*** Opening Supplied material ***

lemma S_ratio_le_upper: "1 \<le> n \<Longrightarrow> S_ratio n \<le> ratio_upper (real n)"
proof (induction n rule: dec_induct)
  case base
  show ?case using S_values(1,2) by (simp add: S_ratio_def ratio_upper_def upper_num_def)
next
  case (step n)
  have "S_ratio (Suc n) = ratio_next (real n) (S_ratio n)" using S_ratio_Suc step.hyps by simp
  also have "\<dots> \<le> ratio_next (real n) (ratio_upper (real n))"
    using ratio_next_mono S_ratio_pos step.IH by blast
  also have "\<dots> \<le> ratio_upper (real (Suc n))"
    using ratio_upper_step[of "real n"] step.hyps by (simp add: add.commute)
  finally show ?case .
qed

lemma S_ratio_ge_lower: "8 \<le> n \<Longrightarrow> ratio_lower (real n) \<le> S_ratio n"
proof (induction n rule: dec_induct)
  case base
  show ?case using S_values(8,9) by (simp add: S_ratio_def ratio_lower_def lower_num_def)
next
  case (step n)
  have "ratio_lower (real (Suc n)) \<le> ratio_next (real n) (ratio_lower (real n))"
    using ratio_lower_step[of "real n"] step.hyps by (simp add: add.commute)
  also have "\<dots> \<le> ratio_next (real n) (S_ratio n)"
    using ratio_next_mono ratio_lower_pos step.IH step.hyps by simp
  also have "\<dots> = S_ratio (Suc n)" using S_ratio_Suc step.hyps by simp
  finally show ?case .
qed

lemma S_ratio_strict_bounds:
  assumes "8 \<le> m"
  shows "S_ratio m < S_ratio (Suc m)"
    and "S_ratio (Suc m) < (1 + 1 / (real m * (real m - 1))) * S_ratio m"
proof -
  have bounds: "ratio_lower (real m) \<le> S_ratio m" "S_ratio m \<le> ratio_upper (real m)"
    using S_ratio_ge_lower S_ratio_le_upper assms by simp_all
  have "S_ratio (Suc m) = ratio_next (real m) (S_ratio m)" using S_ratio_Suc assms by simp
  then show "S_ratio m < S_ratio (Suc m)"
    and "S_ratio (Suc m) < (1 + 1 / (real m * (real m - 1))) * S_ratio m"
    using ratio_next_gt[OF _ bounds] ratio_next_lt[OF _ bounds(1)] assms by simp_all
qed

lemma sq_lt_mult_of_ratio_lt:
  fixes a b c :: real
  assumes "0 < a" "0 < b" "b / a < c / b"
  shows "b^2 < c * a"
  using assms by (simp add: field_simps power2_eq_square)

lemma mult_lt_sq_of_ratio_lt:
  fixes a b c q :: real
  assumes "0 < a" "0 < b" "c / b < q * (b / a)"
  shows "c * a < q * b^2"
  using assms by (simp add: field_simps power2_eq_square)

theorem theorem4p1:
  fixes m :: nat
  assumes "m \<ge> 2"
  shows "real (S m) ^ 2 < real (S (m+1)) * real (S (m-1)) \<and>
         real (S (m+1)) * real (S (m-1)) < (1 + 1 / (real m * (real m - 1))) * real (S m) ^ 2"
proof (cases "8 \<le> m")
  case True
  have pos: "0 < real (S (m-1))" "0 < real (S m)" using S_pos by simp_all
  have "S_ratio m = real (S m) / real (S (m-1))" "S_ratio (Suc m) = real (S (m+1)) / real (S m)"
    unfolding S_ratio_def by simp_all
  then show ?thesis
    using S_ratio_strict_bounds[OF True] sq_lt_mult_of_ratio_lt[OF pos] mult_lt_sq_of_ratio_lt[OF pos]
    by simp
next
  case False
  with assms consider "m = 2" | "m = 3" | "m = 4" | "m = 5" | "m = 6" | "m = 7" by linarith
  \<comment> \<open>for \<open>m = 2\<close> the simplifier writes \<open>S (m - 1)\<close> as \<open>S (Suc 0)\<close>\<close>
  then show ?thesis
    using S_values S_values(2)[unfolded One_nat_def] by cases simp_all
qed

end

*** Closing Supplied material ***
*** Opening Supplied material ***

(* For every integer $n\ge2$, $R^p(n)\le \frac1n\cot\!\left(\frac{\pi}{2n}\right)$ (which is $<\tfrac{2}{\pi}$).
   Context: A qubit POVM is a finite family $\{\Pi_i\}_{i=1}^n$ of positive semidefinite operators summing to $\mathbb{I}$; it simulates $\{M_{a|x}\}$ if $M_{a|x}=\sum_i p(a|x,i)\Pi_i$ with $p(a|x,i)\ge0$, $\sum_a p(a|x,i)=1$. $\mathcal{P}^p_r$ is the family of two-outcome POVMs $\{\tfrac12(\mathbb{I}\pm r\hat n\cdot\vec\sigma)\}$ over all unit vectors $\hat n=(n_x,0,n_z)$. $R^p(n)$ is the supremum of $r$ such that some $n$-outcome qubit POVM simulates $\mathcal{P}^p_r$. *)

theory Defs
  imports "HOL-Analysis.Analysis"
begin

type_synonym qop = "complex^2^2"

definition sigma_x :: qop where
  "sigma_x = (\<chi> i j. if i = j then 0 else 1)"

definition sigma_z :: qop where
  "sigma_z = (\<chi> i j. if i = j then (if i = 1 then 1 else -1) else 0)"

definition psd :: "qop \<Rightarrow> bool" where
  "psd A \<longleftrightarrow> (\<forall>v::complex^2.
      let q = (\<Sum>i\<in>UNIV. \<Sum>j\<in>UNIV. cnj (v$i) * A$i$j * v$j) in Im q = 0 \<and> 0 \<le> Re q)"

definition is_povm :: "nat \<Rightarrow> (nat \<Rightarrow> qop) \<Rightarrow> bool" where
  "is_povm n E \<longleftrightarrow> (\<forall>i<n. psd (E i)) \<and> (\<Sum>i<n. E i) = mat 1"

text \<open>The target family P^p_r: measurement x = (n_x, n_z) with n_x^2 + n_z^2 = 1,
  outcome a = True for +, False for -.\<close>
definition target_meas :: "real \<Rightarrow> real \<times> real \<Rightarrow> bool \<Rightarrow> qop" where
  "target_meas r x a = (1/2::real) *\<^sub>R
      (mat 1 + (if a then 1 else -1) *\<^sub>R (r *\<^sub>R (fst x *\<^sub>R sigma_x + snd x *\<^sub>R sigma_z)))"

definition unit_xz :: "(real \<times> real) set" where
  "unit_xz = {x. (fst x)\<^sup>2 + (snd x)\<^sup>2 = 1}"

*** Closing Supplied material ***

> What to produce: Tell me how many lines of the data hold the word "False", giving only the number.

> Finished exercise: 2